The FT-IR is IR-4 manufactured by Shimadzu Corporation.
08, GPC is Waters LC
Module 1, column is Shodex K-804
This was performed using Molecular weights are given as relative molecular weights to polystyrene standards. The analytical value of the polymer is
Mn = 17500, Mw / Mn = 1.14, Fn (silyl) = 1.91. (The number average molecular weight is in terms of polystyrene, the number of terminal silyl functional groups is isobutylene polymer 1
Number per molecule).

[0053]

Production Example 2 1.16 g of p-DCC (5.02
mmol), 0.093 g of 2-methylpyridine (1.0
mmol), 1.22 g of allyltrimethylsilane (1
An isobutylene-based polymer having a reactive silicon group was synthesized in the same manner as in Production Example 1 except that the amount was changed to 0.8 mmol).

The analysis value of the polymer was as follows: Mn = 11400,
Mw / Mn = 1.23 and Fn (silyl) = 1.76.

[0055]

Example 1 and Comparative Example 1 From the analytical values of the base polymers synthesized in Production Examples 1 and 2, the number average molecular weight per reactive silicon group, that is, the number average molecular weight (Mn) was obtained.
And the ratio (Mn) of the number of reactive silicon groups per molecule (Fn)
n / Fn) was calculated. Table 1 shows the values of Mn / Fn.

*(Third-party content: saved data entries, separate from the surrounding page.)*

lemma regular_type_spinney_term:
  assumes "qft_data Fs W comps quot scl A integ" "subtraction_scheme Fs scl A Pm"
    and "regular_type Fs W comps quot A integ Pm"
    and "is_character Fs A \<phi>" "is_character Fs A \<psi>" "\<Gamma> \<in> Fs" "S \<in> W \<Gamma>"
  defines "t \<equiv> integ \<Gamma> S (map (PPlus Pm \<phi>) (comps \<Gamma> S)) (PPlus Pm \<psi> (quot \<Gamma> S))"
  shows "t \<in> A \<Gamma> \<and> Pplus Pm \<Gamma> t = t"
proof -
  have S: "set (comps \<Gamma> S) \<subseteq> Fs" "quot \<Gamma> S \<in> Fs"
    and integ: "integ_ok scl A (comps \<Gamma> S) (A (quot \<Gamma> S)) (A \<Gamma>) (integ \<Gamma> S)"
    using assms(1,6,7) unfolding qft_data_def by blast+
  have Pplus_mem: "\<And>H x. H \<in> Fs \<Longrightarrow> x \<in> A H \<Longrightarrow> Pplus Pm H x \<in> A H"
    using Pplus_projector_on[OF assms(1,2)] unfolding projector_on_def by blast
  have map_PPlus: "map (PPlus Pm \<phi>) (comps \<Gamma> S) = map2 (Pplus Pm) (comps \<Gamma> S) (map \<phi> (comps \<Gamma> S))"
    by (simp add: PPlus_def zip_map2 map_zip_map2 zip_same_conv_map comp_def)
  have \<phi>_mem: "\<forall>i<length (map \<phi> (comps \<Gamma> S)). map \<phi> (comps \<Gamma> S) ! i \<in> A (comps \<Gamma> S ! i)"
    using assms(4) S(1) unfolding is_character_def by (auto simp: subset_iff)
  have \<psi>_mem: "\<psi> (quot \<Gamma> S) \<in> A (quot \<Gamma> S)"
    using assms(5) S(2) unfolding is_character_def by blast
  have "Pplus Pm \<Gamma> t = t"
    using assms(3,6,7) \<phi>_mem \<psi>_mem unfolding regular_type_def t_def map_PPlus PPlus_def by auto
  moreover have "t \<in> A \<Gamma>"
    using integ Pplus_mem \<phi>_mem \<psi>_mem S unfolding integ_ok_def t_def PPlus_def
    by (auto simp: subset_iff)
  ultimately show ?thesis by blast
qed
(* Let $A$ be a graded algebra and $G\le\mathrm{GrAut}\,A$ a subgroup. For every $r\ge1$, $A^{[r]}*G\cong(A*G)^{[r]}$ as graded algebras.
   Context: Graded algebras are $\mathbb{N}$-graded algebras over an algebraically closed field $k$. For a graded vector space $V$, $V^{(r)}=\bigoplus_{n\in\mathbb{Z}}V_{rn}$ with degree $n$ part $V_{rn}$, and $V(j)_m=V_{j+m}$. The $r$-th quasi-Veronese algebra $A^{[r]}$ is the $r\times r$ matrix algebra (indices $0,\dots,r-1$) whose $(i,j)$ entry is $A(j-i)^{(r)}$, with multiplication $(a_{ij})(b_{ij})=(\sum_{k=0}^{r-1}a_{kj}b_{ik})$. $G$ acts on $A^{[r]}$ entrywise: $g((a_{ij}))=(g(a_{ij}))$. The skew group algebra $B*G=B\otimes_kkG$ has multiplication $(a*g)(b*h)=ag(b)*gh$, graded by $B$. *)

theory Defs
  imports "HOL-Algebra.Ring" "HOL-Library.FuncSet" "HOL-Computational_Algebra.Polynomial"
begin

text \<open>A k-algebra with an N-grading: a HOL-Algebra ring record extended by a
scalar multiplication by the field type 'k and the family of homogeneous
components grd n (n a natural number).\<close>

record ('k, 'a) gralg = "'a ring" +
  sm  :: "'k \<Rightarrow> 'a \<Rightarrow> 'a"
  grd :: "nat \<Rightarrow> 'a set"

definition alg_closed :: "'k::field itself \<Rightarrow> bool" where
  "alg_closed _ \<longleftrightarrow> (\<forall>p :: 'k poly. degree p \<noteq> 0 \<longrightarrow> (\<exists>x. poly p x = 0))"
(* Suppose the reduced gyroscopic two-form is exact, $\mathbf f=d\mathbf a$ with $\mathbf a=\sum_ia_i(x)dx_i$, and let $l_1(x,\dot x)=\frac12\sum g_{ij}\dot x_i\dot x_j+\sum_ia_i\dot x_i-v(x)$. Let $\mathcal N(x)$ be a nowhere vanishing function on $S$, $d\tau=\mathcal N(x)dt$, $x'=dx/d\tau$, and $l_1^*(x,x')=\frac12\sum\mathcal N^2g_{ij}x'_ix'_j+\sum_i\mathcal N a_ix'_i-v(x)$. Then the equations $$\frac{d}{dt}\frac{\partial l_1}{\partial\dot x_i}=\frac{\partial l_1}{\partial x_i}+\sum_{k,l,j=1}^nC^k_{ij}(x)g_{kl}\dot x_l\dot x_j,\qquad i=1,\dots,n,$$ after the time reparametrization $d\tau=\mathcal N dt$ become the Lagrangian system $\frac{d}{d\tau}\frac{\partial l_1^*}{\partial x'_i}=\frac{\partial l_1^*}{\partial x_i}$ ($i=1,\dots,n$) if and only if (a) $\mathcal N$ is a Chaplygin reducing multiplier for the corresponding system without the linear term, i.e. the equations $\frac{d}{dt}\frac{\partial l}{\partial\dot x_i}=\frac{\partial l}{\partial x_i}+\sum_{k,l,j}C^k_{ij}g_{kl}\dot x_l\dot x_j$ with $l=\frac12\sum g_{ij}\dot x_i\dot x_j-v$ become, after $d\tau=\mathcal N dt$, the Lagrangian system $\frac{d}{d\tau}\frac{\partial l^*}{\partial x'_i}=\frac{\partial l^*}{\partial x_i}$ with $l^*(x,x')=\frac12\sum\mathcal N^2g_{ij}x'_ix'_j-v(x)$; and (b) $d\mathcal N\wedge\mathbf a=0$, i.e. $a_j\frac{\partial\mathcal N}{\partial x_i}=a_i\frac{\partial\mathcal N}{\partial x_j}$ for all $i,j$.
   Context: Setting: $S$ ($\dim S=n$) is the base of a gyroscopic $G$–Chaplygin system $(Q,L,\mathcal D,G,\mathbf F)$: $G$ acts freely on $Q$, $\pi\colon Q\to S=Q/G$, $L=\frac12\mathbf G(\dot q,\dot q)-V$ with $G$-invariant $\mathbf G,V$, $\mathbf F$ a $G$-invariant two-form, $\mathcal D$ a $G$-invariant distribution complementary to $\ker d\pi$. Reduced data: metric $\mathbf g(X,Y)=\mathbf G(X^h,Y^h)$ (local components $g_{ij}$), potential $v$ with $v\circ\pi=V$, two-form $\mathbf f(X,Y)=\mathbf F(X^h,Y^h)$, where $X^h\in\mathcal D$ is the horizontal lift; $\Sigma(X,Y,Z)=\mathbf G(X^h,B(Y^h,Z^h))$ with $B(X,Y)=-A([X^h,Y^h])$ the curvature ($A$ the vertical projection along $\mathcal D$), and the $(1,2)$-tensor $\mathbf C$ defined by $\Sigma(X,Y,Z)=\mathbf g(X,\mathbf C(Y,Z))$, with local components $\mathbf C(\partial_i,\partial_j)=\sum_kC^k_{ij}\partial_k$. Everything is in local coordinates $x=(x_1,\dots,x_n)$ on $S$; "the equations become" means that $t\mapsto x(t)$ solves the first system iff $\tau\mapsto x(t(\tau))$ solves the second. *)

theory Defs
  imports "HOL-Analysis.Analysis"
begin

text \<open>Local coordinates x = (x_1,...,x_n) on an open chart domain U of S are modelled
  as vectors of type real^'n. Positions and velocities are both real^'n.\<close>

definition pd :: "(real^'n \<Rightarrow> real) \<Rightarrow> real^'n \<Rightarrow> 'n \<Rightarrow> real" where
  "pd f x i = deriv (\<lambda>s. f (x + s *\<^sub>R axis i 1)) 0"

text \<open>Smoothness (C-infinity) on U: there is a family D of functions indexed by lists of
  coordinate directions, D [] = f on U, and every D ds is (Frechet) differentiable at every
  point of U with partial derivatives D (i # ds).\<close>
definition smooth_on :: "(real^'n) set \<Rightarrow> (real^'n \<Rightarrow> real) \<Rightarrow> bool" where
  "smooth_on U f \<longleftrightarrow>
     (\<exists>D :: 'n list \<Rightarrow> real^'n \<Rightarrow> real.
        (\<forall>x\<in>U. D [] x = f x) \<and>
        (\<forall>ds. \<forall>x\<in>U. (D ds has_derivative (\<lambda>h. \<Sum>i\<in>UNIV. h $ i * D (i # ds) x)) (at x)))"

definition pdq :: "(real^'n \<Rightarrow> real^'n \<Rightarrow> real) \<Rightarrow> real^'n \<Rightarrow> real^'n \<Rightarrow> 'n \<Rightarrow> real" where
  "pdq L q p i = pd (\<lambda>q'. L q' p) q i"

definition pdp :: "(real^'n \<Rightarrow> real^'n \<Rightarrow> real) \<Rightarrow> real^'n \<Rightarrow> real^'n \<Rightarrow> 'n \<Rightarrow> real" where
  "pdp L q p i = pd (\<lambda>p'. L q p') p i"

Next, the 50% tensile stress of the cured product of the base polymer synthesized in Production Examples 1 and 2 was measured. Table 1 shows the results. The 50% tensile stress is measured by the following method as described above. That is, 1 part of water, 3 parts of tin octylate, and 0.75 part of laurylamine are added to 100 parts of the base polymer, mixed well, defoamed, and then poured into a 3 mm-thick mold. Put this at 23 ° C for 3 days
After curing at 50 ° C. for 4 days, a cured product sheet having a thickness of about 3 mm is obtained. A No. 3 dumbbell compliant with JIS-K6301 was punched out of this sheet, and a tensile test was performed (tensile speed: 500 mm / min). The tensile strength for 50% elongation at this time was defined as 50% tensile stress.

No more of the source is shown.